According to The Conference Board Chief Economist Dana Peterson, "Consumer confidence inched up in June as falling oil prices in recent weeks provided some relief to consumer inflation fears."
Good defense was the best way to play offense today
AeroVironment (AVAV, +18.8%) showed why it's one of the best defense stocks to buy right now when the dronemaker reported better-than-expected quarterly results but lighter-than-forecast annual guidance after the closing bell on Monday.
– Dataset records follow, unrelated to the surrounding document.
(* Consider the threshold delay system (the "TDE model") described in the context and let $N_{T1}=f^{-1}(\lambda/\mu)$. Let $(\phi_1,\phi_2,\phi_3)^T\in D_{N_T}$ and let $(N,P,Z)^T:[0,\infty)\to\mathbb{R}^3$ be the solution of the corresponding initial value problem. If $N_T>N_{T1}$, then for any constant $\beta>N_T-N_{T1}$ there exists $t_1\ge t_0$ such that $P(t)<\beta$ for all $t\ge t_1$.
   Context: Standing assumptions: constants $\mu>\lambda>0$, $g>0$, $\gamma\in(0,1]$, $\delta>0$ with $\gamma g>\delta$, $\delta_0\ge 0$, $m>0$, $N_T>0$. The functions $f,h:[0,\infty)\to[0,\infty)$ are $C^1$ with $f(0)=0$, $f'>0$, $\lim_{N\to\infty}f(N)=1$ and $h(0)=0$, $h'>0$, $\lim_{P\to\infty}h(P)=1$. The function $R:[0,\infty)\to[0,\infty)$ is $C^1$ with $R\ge0$, $R'\ge0$, $R'(0)>0$ if $R(0)=0$, $\lim_{P\to\infty}R(P)=R_\infty<\infty$. For a function $P$ and $s\in[0,m]$, the delay $\tau(s,P_t)\ge0$ is defined implicitly by $\int_{-\tau(s,P_t)}^0 R(P(t+u))\,du=s$. TDE model, for $t\ge t_0$: $$N'(t)=-\mu P f(N)+\lambda P+\delta Z+(1-\gamma)gZh(P)+\delta_0(N_T-N-P-Z),$$ $$P'(t)=\mu P f(N)-\lambda P-gZh(P),$$ $$Z'(t)=R(P(t))e^{-\delta_0\tau(m,P_t)}\frac{\gamma g Z(t-\tau(m,P_t))h(P(t-\tau(m,P_t)))}{R(P(t-\tau(m,P_t)))}-\delta Z(t),$$ with initial conditions $N(t_0+t)=\phi_1(t)$, $P(t_0+t)=\phi_2(t)$, $Z(t_0+t)=\phi_3(t)$ for $t\in[-t_0,0]$. $D_{N_T}$ is the set of triples $(\phi_1,\phi_2,\phi_3)$ of continuous functions on $[-t_0,0]$ (some $t_0>0$) with $\phi_i>0$, $\int_{-t_0}^0R(\phi_2(u))\,du=m$, and $$N_T=\phi_1(0)+\phi_2(0)+\phi_3(0)+\int_0^m e^{-\delta_0\tau(s,\phi_2)}\frac{\gamma g\,\phi_3(-\tau(s,\phi_2))h(\phi_2(-\tau(s,\phi_2)))}{R(\phi_2(-\tau(s,\phi_2)))}\,ds,$$ where $\tau(s,\phi_2)\in[0,t_0]$ solves $\int_{-\tau(s,\phi_2)}^0R(\phi_2(u))\,du=s$. *)

theory Defs
  imports "HOL-Analysis.Analysis"
begin

definition C1_nonneg :: "(real \<Rightarrow> real) \<Rightarrow> (real \<Rightarrow> real) \<Rightarrow> bool" where
  "C1_nonneg f f' \<longleftrightarrow>
     (\<forall>x\<ge>0. (f has_real_derivative f' x) (at x within {0..})) \<and> continuous_on {0..} f'"

text \<open>Implicitly defined delay: the \<tau> \<ge> 0 with t - \<tau> \<ge> lo and
  \<integral>_{t-\<tau>}^{t} R(p u) du = s, i.e. \<integral>_{-\<tau>}^0 R(p(t+u)) du = s.
  lo is the left end of the interval where p is defined.\<close>
definition delay :: "(real \<Rightarrow> real) \<Rightarrow> (real \<Rightarrow> real) \<Rightarrow> real \<Rightarrow> real \<Rightarrow> real \<Rightarrow> real" where
  "delay R p lo t s = (THE \<tau>. 0 \<le> \<tau> \<and> lo \<le> t - \<tau> \<and> integral {t - \<tau>..t} (\<lambda>u. R (p u)) = s)"

definition D_NT ::
  "(real \<Rightarrow> real) \<Rightarrow> (real \<Rightarrow> real) \<Rightarrow> real \<Rightarrow> real \<Rightarrow> real \<Rightarrow> real \<Rightarrow> real \<Rightarrow> real
   \<Rightarrow> (real \<Rightarrow> real) \<Rightarrow> (real \<Rightarrow> real) \<Rightarrow> (real \<Rightarrow> real) \<Rightarrow> bool" where
  "D_NT R h \<gamma> g \<delta>0 m NT t0 \<phi>1 \<phi>2 \<phi>3 \<longleftrightarrow>
     t0 > 0 \<and>
     continuous_on {-t0..0} \<phi>1 \<and> continuous_on {-t0..0} \<phi>2 \<and> continuous_on {-t0..0} \<phi>3 \<and>
     (\<forall>u\<in>{-t0..0}. \<phi>1 u > 0 \<and> \<phi>2 u > 0 \<and> \<phi>3 u > 0) \<and>
     integral {-t0..0} (\<lambda>u. R (\<phi>2 u)) = m \<and>
     NT = \<phi>1 0 + \<phi>2 0 + \<phi>3 0 +
       integral {0..m} (\<lambda>s. let \<tau> = delay R \<phi>2 (-t0) 0 s in
          exp (-\<delta>0 * \<tau>) * \<gamma> * g * \<phi>3 (-\<tau>) * h (\<phi>2 (-\<tau>)) / R (\<phi>2 (-\<tau>)))"

definition TDE_solution ::
  "real \<Rightarrow> real \<Rightarrow> real \<Rightarrow> real \<Rightarrow> real \<Rightarrow> real \<Rightarrow> real \<Rightarrow> real \<Rightarrow> real \<Rightarrow>
   (real \<Rightarrow> real) \<Rightarrow> (real \<Rightarrow> real) \<Rightarrow> (real \<Rightarrow> real) \<Rightarrow>
   (real \<Rightarrow> real) \<Rightarrow> (real \<Rightarrow> real) \<Rightarrow> (real \<Rightarrow> real) \<Rightarrow>
   (real \<Rightarrow> real) \<Rightarrow> (real \<Rightarrow> real) \<Rightarrow> (real \<Rightarrow> real) \<Rightarrow> bool" where
  "TDE_solution \<mu> lam g \<gamma> \<delta> \<delta>0 m NT t0 f h R \<phi>1 \<phi>2 \<phi>3 N P Z \<longleftrightarrow>
     continuous_on {0..} N \<and> continuous_on {0..} P \<and> continuous_on {0..} Z \<and>
     (\<forall>t\<in>{-t0..0}. N (t0 + t) = \<phi>1 t \<and> P (t0 + t) = \<phi>2 t \<and> Z (t0 + t) = \<phi>3 t) \<and>
     (\<forall>t\<ge>t0.
        (N has_real_derivative
           (- \<mu> * P t * f (N t) + lam * P t + \<delta> * Z t + (1 - \<gamma>) * g * Z t * h (P t)
            + \<delta>0 * (NT - N t - P t - Z t))) (at t within {t0..}) \<and>
        (P has_real_derivative
           (\<mu> * P t * f (N t) - lam * P t - g * Z t * h (P t))) (at t within {t0..}) \<and>
        (Z has_real_derivative
           (let \<tau> = delay R P 0 t m in
              R (P t) * exp (-\<delta>0 * \<tau>) * \<gamma> * g * Z (t - \<tau>) * h (P (t - \<tau>)) / R (P (t - \<tau>))
              - \<delta> * Z t)) (at t within {t0..}))"

end

theory Submission
  imports Defs
begin

text \<open>
  Let J(t) be the biomass that has entered the delayed (juvenile) stage during the last
  maturation period and survived, J(t) = integral over [t - tau(m,P_t), t] of
  exp(-delta0 (t - u)) gamma g Z(u) h(P(u)) du.  Measuring time by the maturation clock
  integral_0^t R(P), the quantity exp(delta0 t) (N + P + Z + J - N_T) has derivative zero,
  and it vanishes at t0 because the change of variables along the clock turns J(t0) into
  the integral in the definition of D_{N_T}; so N + P + Z + J = N_T.  A first-exit argument
  with exponential lower bounds keeps N, P, Z positive, and J >= 0, hence N + P < N_T.
  Whenever P >= beta we therefore have N < N_T - beta < N_T1, so f(N) < f(N_T1) = lambda/mu and
  P' <= -(lambda - mu f(N_T - beta)) beta < 0: P drops below beta in finite time and can never
  climb back above it.
\<close>

section \<open>Calculus on the half-line\<close>

lemma C1_nonneg_continuous_on: "C1_nonneg f f' \<Longrightarrow> continuous_on {0..} f"
  unfolding C1_nonneg_def by (intro DERIV_continuous_on) auto

lemma C1_nonneg_DERIV:
  assumes "C1_nonneg f f'" "0 < x"
  shows "DERIV f x :> f' x"
proof -
  have "at x within {0..} = at x"
    using assms(2) by (intro at_within_interior) auto
  then show ?thesis
    using assms unfolding C1_nonneg_def by (metis less_imp_le)
qed

lemma C1_nonneg_mono:
  assumes "C1_nonneg f f'" "\<forall>x\<ge>0. 0 \<le> f' x" "0 \<le> x" "x \<le> y"
  shows "f x \<le> f y"
proof (rule DERIV_nonneg_imp_increasing_open[OF assms(4)])
  show "continuous_on {x..y} f"
    using C1_nonneg_continuous_on[OF assms(1)] by (rule continuous_on_subset) (use assms in auto)
  show "\<exists>d. DERIV f t :> d \<and> 0 \<le> d" if "x < t" "t < y" for t
    using C1_nonneg_DERIV[OF assms(1), of t] assms that by auto
qed

lemma C1_nonneg_strict_mono:
  assumes "C1_nonneg f f'" "\<forall>x\<ge>0. 0 < f' x" "0 \<le> x" "x < y"
  shows "f x < f y"
proof (rule DERIV_pos_imp_increasing_open[OF assms(4)])
  show "continuous_on {x..y} f"
    using C1_nonneg_continuous_on[OF assms(1)] by (rule continuous_on_subset) (use assms in auto)
  show "\<exists>d. DERIV f t :> d \<and> 0 < d" if "x < t" "t < y" for t
    using C1_nonneg_DERIV[OF assms(1), of t] assms that by auto
qed

lemma continuous_on_Icc_abs_bound:
  fixes x :: "real \<Rightarrow> real"
  assumes "continuous_on {a..b} x"
  obtains B where "0 < B" "\<And>t. t \<in> {a..b} \<Longrightarrow> \<bar>x t\<bar> \<le> B"
  using compact_imp_bounded[OF compact_continuous_image[OF assms compact_Icc]]
  unfolding bounded_pos by auto

lemma C1_nonneg_le_linear:
  assumes "C1_nonneg h h'" "h 0 = 0"
  obtains C where "\<And>x. x \<in> {0..B} \<Longrightarrow> h x \<le> C * x"
proof -
  have "continuous_on {0..B} h'"
    using assms(1) unfolding C1_nonneg_def by (auto intro: continuous_on_subset)
  then obtain C where C: "\<And>t. t \<in> {0..B} \<Longrightarrow> \<bar>h' t\<bar> \<le> C"
    using continuous_on_Icc_abs_bound by metis
  have "h x \<le> C * x" if x: "x \<in> {0..B}" for x
  proof -
    have "h x - C * x \<le> h 0 - C * 0"
    proof (rule DERIV_nonpos_imp_decreasing_open[of 0 x "\<lambda>y. h y - C * y"])
      show "continuous_on {0..x} (\<lambda>y. h y - C * y)"
        using C1_nonneg_continuous_on[OF assms(1)] by (intro continuous_intros) (auto intro: continuous_on_subset)
      show "\<exists>d. DERIV (\<lambda>y. h y - C * y) t :> d \<and> d \<le> 0" if "0 < t" "t < x" for t
        using C1_nonneg_DERIV[OF assms(1) \<open>0 < t\<close>] C[of t] that x
        by (auto intro!: derivative_eq_intros)
    qed (use x in auto)
    then show ?thesis using assms(2) by simp
  qed
  then show thesis by (rule that)
qed

lemma C1_nonneg_the_preimage:
  assumes "C1_nonneg f f'" "\<forall>x\<ge>0. 0 < f' x" "f 0 = 0" "(f \<longlongrightarrow> 1) at_top" "0 \<le> y" "y < 1"
  shows "0 \<le> (THE x. 0 \<le> x \<and> f x = y)" "f (THE x. 0 \<le> x \<and> f x = y) = y"
proof -
  obtain X where X: "\<forall>x\<ge>X. y < f x"
    using order_tendstoD(1)[OF assms(4,6)] unfolding eventually_at_top_linorder by blast
  have "continuous_on {0..max X 0} f"
    using C1_nonneg_continuous_on[OF assms(1)] by (rule continuous_on_subset) auto
  then obtain x where x: "0 \<le> x" "f x = y"
    using IVT'[of f 0 y "max X 0"] X assms(3,5) by (auto simp: less_imp_le)
  have "x' = x" if "0 \<le> x'" "f x' = y" for x'
    using C1_nonneg_strict_mono[OF assms(1,2), of x' x] C1_nonneg_strict_mono[OF assms(1,2), of x x'] x that
    by (cases x' x rule: linorder_cases) auto
  with x have "\<exists>!x. 0 \<le> x \<and> f x = y" by blast
  from theI'[OF this] show "0 \<le> (THE x. 0 \<le> x \<and> f x = y)" "f (THE x. 0 \<le> x \<and> f x = y) = y"
    by auto
qed

lemma exp_lower_bound_DERIV:
  fixes x :: "real \<Rightarrow> real"
  assumes "a \<le> b" "continuous_on {a..b} x"
    and "\<And>t. a < t \<Longrightarrow> t < b \<Longrightarrow> \<exists>d. DERIV x t :> d \<and> - K * x t \<le> d"
  shows "x a * exp (- K * (b - a)) \<le> x b"
proof -
  have "exp (K * a) * x a \<le> exp (K * b) * x b"
  proof (rule DERIV_nonneg_imp_increasing_open[OF assms(1)])
    fix t assume "a < t" "t < b"
    then obtain d where d: "DERIV x t :> d" "- K * x t \<le> d"
      using assms(3) by blast
    have "DERIV (\<lambda>t. exp (K * t) * x t) t :> exp (K * t) * (K * x t + d)"
      using d(1) by (auto intro!: derivative_eq_intros simp: algebra_simps)
    moreover have "0 \<le> exp (K * t) * (K * x t + d)"
      using d(2) by simp
    ultimately show "\<exists>y. DERIV (\<lambda>t. exp (K * t) * x t) t :> y \<and> 0 \<le> y"
      by blast
  qed (use assms(2) in \<open>intro continuous_intros\<close>)
  then have "exp (K * a) * x a * exp (- K * b) \<le> exp (K * b) * x b * exp (- K * b)"
    by (intro mult_right_mono) auto
  then show ?thesis
    by (simp add: algebra_simps exp_add[symmetric] exp_diff)
qed

lemma DERIV_le_imp_linear_decrease:
  fixes p :: "real \<Rightarrow> real"
  assumes "a \<le> b" "continuous_on {a..b} p"
    and "\<And>t. a < t \<Longrightarrow> t < b \<Longrightarrow> \<exists>d. DERIV p t :> d \<and> d \<le> - c"
  shows "p b \<le> p a - c * (b - a)"
proof -
  have "(\<lambda>t. p t + c * t) b \<le> (\<lambda>t. p t + c * t) a"
  proof (rule DERIV_nonpos_imp_decreasing_open[OF assms(1)])
    show "\<exists>d. DERIV (\<lambda>t. p t + c * t) t :> d \<and> d \<le> 0" if "a < t" "t < b" for t
      using assms(3)[OF that] by (auto intro!: derivative_eq_intros)
  qed (use assms(2) in \<open>intro continuous_intros\<close>)
  then show ?thesis by (simp add: algebra_simps)
qed

lemma closed_first_point:
  fixes S :: "real set"
  assumes "closed S" "S \<subseteq> {a..}" "t \<in> S"
  obtains s where "s \<in> S" "s \<le> t" "\<And>x. x < s \<Longrightarrow> x \<notin> S"
proof
  have "bdd_below S"
    using assms(2) by (auto intro: bdd_belowI)
  then show "Inf S \<in> S" "Inf S \<le> t"
    using closed_contains_Inf[OF _ _ assms(1)] cInf_lower assms(3) by auto
  show "x \<notin> S" if "x < Inf S" for x
    using that cInf_lower[OF _ \<open>bdd_below S\<close>, of x] by auto
qed
lemma E_eq_0_if_no_nonzero_weight:
  assumes no_weight: "\<And>y r. H y = r *s y \<Longrightarrow> y \<noteq> 0 \<Longrightarrow> r = 0"
  shows "E v = 0"
proof -
  obtain k where "(H^^k) v = 0"
    using funpow_apply_eq_0_if_no_nonzero_eigenvalue[OF linear_H] no_weight by blast
  define G where "G y = H y + 2 *s y" for y
  have "E (H x) = G (E x)" for x
    using bracket_HE[of x] by (simp add: G_def algebra_simps)
  then have G_E: "(G^^j) (E x) = E ((H^^j) x)" for j x
    by (induction j) simp_all
  have G_inj: "(G^^j) y = 0 \<Longrightarrow> y = 0" for j y
  proof (induction j arbitrary: y)
    case (Suc j)
    then have "G y = 0"
      by (simp only: funpow_Suc_right o_apply)
    then have "H y = (-2) *s y"
      by (simp add: G_def add_eq_0_iff)
    with no_weight show ?case
      by fastforce
  qed simp
  show ?thesis
    using G_E[of k v] \<open>(H^^k) v = 0\<close> G_inj by simp
qed

end

locale sl2_rep_flip = sl2_rep +
  fixes B :: "complex^'m \<Rightarrow> complex^'m"
  assumes F_B: "F v = 0 \<Longrightarrow> F (B v) = 0"
    and H_B: "H (B v) = 0 \<Longrightarrow> H v = 0"
    and H_square_B: "H (H v) = \<mu> *s H v \<Longrightarrow> H (H (B v)) = (- \<mu>) *s H (B v)"
begin

lemma lowest_weight_eq_0:
  assumes "w \<noteq> 0" "F w = 0" "H w = l *s w"
  shows "l = 0"
proof (rule ccontr)
  assume "l \<noteq> 0"
  obtain m :: nat where m: "l = of_nat m"
    using lowest_weight_nat[OF assms] by blast
  define w' where "w' = H (B w)"
  have "F w' = 0"
    using bracket_HF[of "B w"] F_B[OF assms(2)] by (simp add: w'_def)
  moreover have "H w' = (- l) *s w'"
    using H_square_B assms(3) by (simp add: w'_def H.scale)
  moreover have "w' \<noteq> 0"
    using H_B[of w] assms(1,3) \<open>l \<noteq> 0\<close> by (auto simp: w'_def)
  ultimately obtain m' :: nat where "- l = of_nat m'"
    using lowest_weight_nat by blast
  with m have "of_nat (m + m') = (0::complex)"
    by (metis add.right_inverse of_nat_add)
  with m \<open>l \<noteq> 0\<close> show False
    by (simp only: of_nat_eq_0_iff add_is_0) simp
qed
AVAV retraced much of a year-to-date decline of more than 40%, as markets recognized solid numbers in the aggregate amid management's efforts to recover from the loss of a government contract and fix the impact of an accounting error that resulted in a goodwill-related impairment charge.
AeroVironment posted fiscal fourth-quarter earnings of $1.84 per share on revenue of $642 million vs a Wall Street forecast for EPS of $1.46 on revenue of $556 million. Management guided to EPS of $3.02 to $3.34 on revenue of $2.1 billion to $2.2 billion for fiscal 2027, while analysts see EPS of $3.84 on revenue of $2.2 billion.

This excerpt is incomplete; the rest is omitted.